*About this task:* Output the entries underneath exactly as they are.

━━━ Input material

lemma path_length_add_norm_le:
  assumes bv: "has_bounded_variation_on g a b" and "a \<le> x" "x \<le> y" "y \<le> b"
  shows "path_length g a x + norm (g y - g x) \<le> path_length g a y"
proof (cases "x = y")
  case False
  then have "x < y" using \<open>x \<le> y\<close> by simp
  have bdd: "bdd_above (variation_sums g a y)"
    using bdd_above_variation_sums_subinterval[OF bv] assms by auto
  have "variation_sum g ts \<le> path_length g a y - norm (g y - g x)" if "is_partition a x ts" for ts
  proof -
    have "variation_sum g (butlast ts @ [x, y]) \<le> path_length g a y"
      unfolding path_length_def using variation_sum_extend(1)[OF that \<open>x < y\<close>]
      by (intro cSup_upper[OF _ bdd]) (auto simp: variation_sums_conv_variation_sum)
    then show ?thesis
      using variation_sum_extend(2)[OF that \<open>x < y\<close>, of g] by linarith
  qed
  moreover have "\<exists>ts. is_partition a x ts" using exists_partition[OF \<open>a \<le> x\<close>] .
  ultimately have "path_length g a x \<le> path_length g a y - norm (g y - g x)"
    unfolding path_length_def variation_sums_conv_variation_sum by (intro cSup_least) auto
  then show ?thesis by simp
qed simp

lemma path_length_refl: "path_length g a a = 0"
proof -
  have "{ts. is_partition a a ts} = {[a]}" using is_partition_same_ends by auto
  then show ?thesis
    unfolding path_length_def variation_sums_conv_variation_sum by (simp add: variation_sum_def)
qed
lemma has_integral_suminf_Weierstrass:
  fixes f :: "nat \<Rightarrow> real \<Rightarrow> real"
  assumes int: "\<And>k. (f k has_integral I k) {a..b}"
    and cont: "\<And>k. continuous_on {a..b} (f k)"
    and bound: "\<And>k t. t \<in> {a..b} \<Longrightarrow> \<bar>f k t\<bar> \<le> M k" and "summable M"
    and sums: "\<And>t. t \<in> {a..b} \<Longrightarrow> (\<lambda>k. f k t) sums g t"
  shows "summable I" "(g has_integral (\<Sum>k. I k)) {a..b}"
proof -
  have "uniform_limit {a..b} (\<lambda>n t. \<Sum>k<n. f k t) (\<lambda>t. \<Sum>k. f k t) sequentially"
    using bound \<open>summable M\<close> by (intro Weierstrass_m_test) auto
  then obtain S J where S: "\<And>n. ((\<lambda>t. \<Sum>k<n. f k t) has_integral S n) {a..b}"
    and J: "((\<lambda>t. \<Sum>k. f k t) has_integral J) {a..b}" and lim: "S \<longlonglongrightarrow> J"
    by (rule uniform_limit_integral) (use cont in \<open>auto intro: continuous_on_sum\<close>)
  have "S n = (\<Sum>k<n. I k)" for n
    using S[of n] has_integral_sum[of "{..<n}" f I, OF _ int] by (auto dest: has_integral_unique)
  then have "S = (\<lambda>n. \<Sum>k<n. I k)"
    by (intro ext)
  with lim have "I sums J"
    unfolding sums_def by simp
  then show "summable I" "(g has_integral (\<Sum>k. I k)) {a..b}"
    using J sums has_integral_cong[of "{a..b}" "\<lambda>t. \<Sum>k. f k t" g] by (auto simp: sums_iff)
qed

lemma continuous_on_power_series_abs_summable:
  fixes c :: "nat \<Rightarrow> real"
  assumes "summable (\<lambda>k. \<bar>c k\<bar>)"
  shows "continuous_on {-1..1} (\<lambda>r. \<Sum>k. r^k * c k)"
proof (rule uniform_limit_theorem)
  show "uniform_limit {-1..1} (\<lambda>n r. \<Sum>k<n. r^k * c k) (\<lambda>r. \<Sum>k. r^k * c k) sequentially"
  proof (rule Weierstrass_m_test[OF _ assms])
    fix k and r :: real
    assume "r \<in> {-1..1}"
    then have "\<bar>r\<bar>^k * \<bar>c k\<bar> \<le> 1 * \<bar>c k\<bar>"
      by (intro mult_right_mono power_le_one) auto
    then show "norm (r^k * c k) \<le> \<bar>c k\<bar>"
      by (simp add: abs_mult power_abs)
  qed
qed (auto intro!: always_eventually continuous_intros)

lemma sums_group_pairs:
  fixes f :: "nat \<Rightarrow> 'a::real_normed_vector"
  assumes "f sums s"
  shows "(\<lambda>j. f (2 * j) + f (2 * j + 1)) sums s"
  using sums_group[OF assms, of 2] by (simp add: numeral_2_eq_2 mult.commute)

lemma sums_group_quadruples:
  fixes f :: "nat \<Rightarrow> 'a::real_normed_vector"
  assumes "f sums s"
  shows "(\<lambda>j. f (4 * j) + f (4 * j + 1) + f (4 * j + 2) + f (4 * j + 3)) sums s"
  using sums_group[OF assms, of 4] by (simp add: numeral_eq_Suc mult.commute add.assoc)

lemma abs_ln_one_minus_le:
  fixes u q :: real
  assumes "0 \<le> u" "u \<le> q" "q < 1"
  shows "\<bar>ln (1 - u)\<bar> \<le> u / (1 - q)"
proof -
  have "- ln (1 - u) = ln (1 / (1 - u))"
    using assms by (simp add: ln_div)
  also have "\<dots> \<le> 1 / (1 - u) - 1"
    using assms by (intro ln_le_minus_one) simp
  also have "\<dots> = u / (1 - u)"
    using assms by (simp add: field_simps)
  also have "\<dots> \<le> u / (1 - q)"
    using assms by (intro divide_left_mono) auto
  finally show ?thesis
    using assms by simp
qed

lemma cos_pi_pos:
  fixes t :: real
  assumes "\<bar>t\<bar> < 1/2"
  shows "0 < cos (pi * t)"
proof -
  have "\<bar>pi * t\<bar> < pi / 2"
    using assms by (simp add: abs_mult)
  then show ?thesis
    unfolding abs_less_iff by (intro cos_gt_zero_pi) linarith+
qed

━━━━━━

*Response area:*
lemma path_length_add_norm_le:
  assumes bv: "has_bounded_variation_on g a b" and "a \<le> x" "x \<le> y" "y \<le> b"
  shows "path_length g a x + norm (g y - g x) \<le> path_length g a y"
proof (cases "x = y")
  case False
  then have "x < y" using \<open>x \<le> y\<close> by simp
  have bdd: "bdd_above (variation_sums g a y)"
    using bdd_above_variation_sums_subinterval[OF bv] assms by auto
  have "variation_sum g ts \<le> path_length g a y - norm (g y - g x)" if "is_partition a x ts" for ts
  proof -
    have "variation_sum g (butlast ts @ [x, y]) \<le> path_length g a y"
      unfolding path_length_def using variation_sum_extend(1)[OF that \<open>x < y\<close>]
      by (intro cSup_upper[OF _ bdd]) (auto simp: variation_sums_conv_variation_sum)
    then show ?thesis
      using variation_sum_extend(2)[OF that \<open>x < y\<close>, of g] by linarith
  qed
  moreover have "\<exists>ts. is_partition a x ts" using exists_partition[OF \<open>a \<le> x\<close>] .
  ultimately have "path_length g a x \<le> path_length g a y - norm (g y - g x)"
    unfolding path_length_def variation_sums_conv_variation_sum by (intro cSup_least) auto
  then show ?thesis by simp
qed simp

lemma path_length_refl: "path_length g a a = 0"
proof -
  have "{ts. is_partition a a ts} = {[a]}" using is_partition_same_ends by auto
  then show ?thesis
    unfolding path_length_def variation_sums_conv_variation_sum by (simp add: variation_sum_def)
qed
lemma has_integral_suminf_Weierstrass:
  fixes f :: "nat \<Rightarrow> real \<Rightarrow> real"
  assumes int: "\<And>k. (f k has_integral I k) {a..b}"
    and cont: "\<And>k. continuous_on {a..b} (f k)"
    and bound: "\<And>k t. t \<in> {a..b} \<Longrightarrow> \<bar>f k t\<bar> \<le> M k" and "summable M"
    and sums: "\<And>t. t \<in> {a..b} \<Longrightarrow> (\<lambda>k. f k t) sums g t"
  shows "summable I" "(g has_integral (\<Sum>k. I k)) {a..b}"
proof -
  have "uniform_limit {a..b} (\<lambda>n t. \<Sum>k<n. f k t) (\<lambda>t. \<Sum>k. f k t) sequentially"
    using bound \<open>summable M\<close> by (intro Weierstrass_m_test) auto
  then obtain S J where S: "\<And>n. ((\<lambda>t. \<Sum>k<n. f k t) has_integral S n) {a..b}"
    and J: "((\<lambda>t. \<Sum>k. f k t) has_integral J) {a..b}" and lim: "S \<longlonglongrightarrow> J"
    by (rule uniform_limit_integral) (use cont in \<open>auto intro: continuous_on_sum\<close>)
  have "S n = (\<Sum>k<n. I k)" for n
    using S[of n] has_integral_sum[of "{..<n}" f I, OF _ int] by (auto dest: has_integral_unique)
  then have "S = (\<lambda>n. \<Sum>k<n. I k)"
    by (intro ext)
  with lim have "I sums J"
    unfolding sums_def by simp
  then show "summable I" "(g has_integral (\<Sum>k. I k)) {a..b}"
    using J sums has_integral_cong[of "{a..b}" "\<lambda>t. \<Sum>k. f k t" g] by (auto simp: sums_iff)
qed

lemma continuous_on_power_series_abs_summable:
  fixes c :: "nat \<Rightarrow> real"
  assumes "summable (\<lambda>k. \<bar>c k\<bar>)"
  shows "continuous_on {-1..1} (\<lambda>r. \<Sum>k. r^k * c k)"
proof (rule uniform_limit_theorem)
  show "uniform_limit {-1..1} (\<lambda>n r. \<Sum>k<n. r^k * c k) (\<lambda>r. \<Sum>k. r^k * c k) sequentially"
  proof (rule Weierstrass_m_test[OF _ assms])
    fix k and r :: real
    assume "r \<in> {-1..1}"
    then have "\<bar>r\<bar>^k * \<bar>c k\<bar> \<le> 1 * \<bar>c k\<bar>"
      by (intro mult_right_mono power_le_one) auto
    then show "norm (r^k * c k) \<le> \<bar>c k\<bar>"
      by (simp add: abs_mult power_abs)
  qed
qed (auto intro!: always_eventually continuous_intros)

lemma sums_group_pairs:
  fixes f :: "nat \<Rightarrow> 'a::real_normed_vector"
  assumes "f sums s"
  shows "(\<lambda>j. f (2 * j) + f (2 * j + 1)) sums s"
  using sums_group[OF assms, of 2] by (simp add: numeral_2_eq_2 mult.commute)

lemma sums_group_quadruples:
  fixes f :: "nat \<Rightarrow> 'a::real_normed_vector"
  assumes "f sums s"
  shows "(\<lambda>j. f (4 * j) + f (4 * j + 1) + f (4 * j + 2) + f (4 * j + 3)) sums s"
  using sums_group[OF assms, of 4] by (simp add: numeral_eq_Suc mult.commute add.assoc)

lemma abs_ln_one_minus_le:
  fixes u q :: real
  assumes "0 \<le> u" "u \<le> q" "q < 1"
  shows "\<bar>ln (1 - u)\<bar> \<le> u / (1 - q)"
proof -
  have "- ln (1 - u) = ln (1 / (1 - u))"
    using assms by (simp add: ln_div)
  also have "\<dots> \<le> 1 / (1 - u) - 1"
    using assms by (intro ln_le_minus_one) simp
  also have "\<dots> = u / (1 - u)"
    using assms by (simp add: field_simps)
  also have "\<dots> \<le> u / (1 - q)"
    using assms by (intro divide_left_mono) auto
  finally show ?thesis
    using assms by simp
qed

lemma cos_pi_pos:
  fixes t :: real
  assumes "\<bar>t\<bar> < 1/2"
  shows "0 < cos (pi * t)"
proof -
  have "\<bar>pi * t\<bar> < pi / 2"
    using assms by (simp add: abs_mult)
  then show ?thesis
    unfolding abs_less_iff by (intro cos_gt_zero_pi) linarith+
qed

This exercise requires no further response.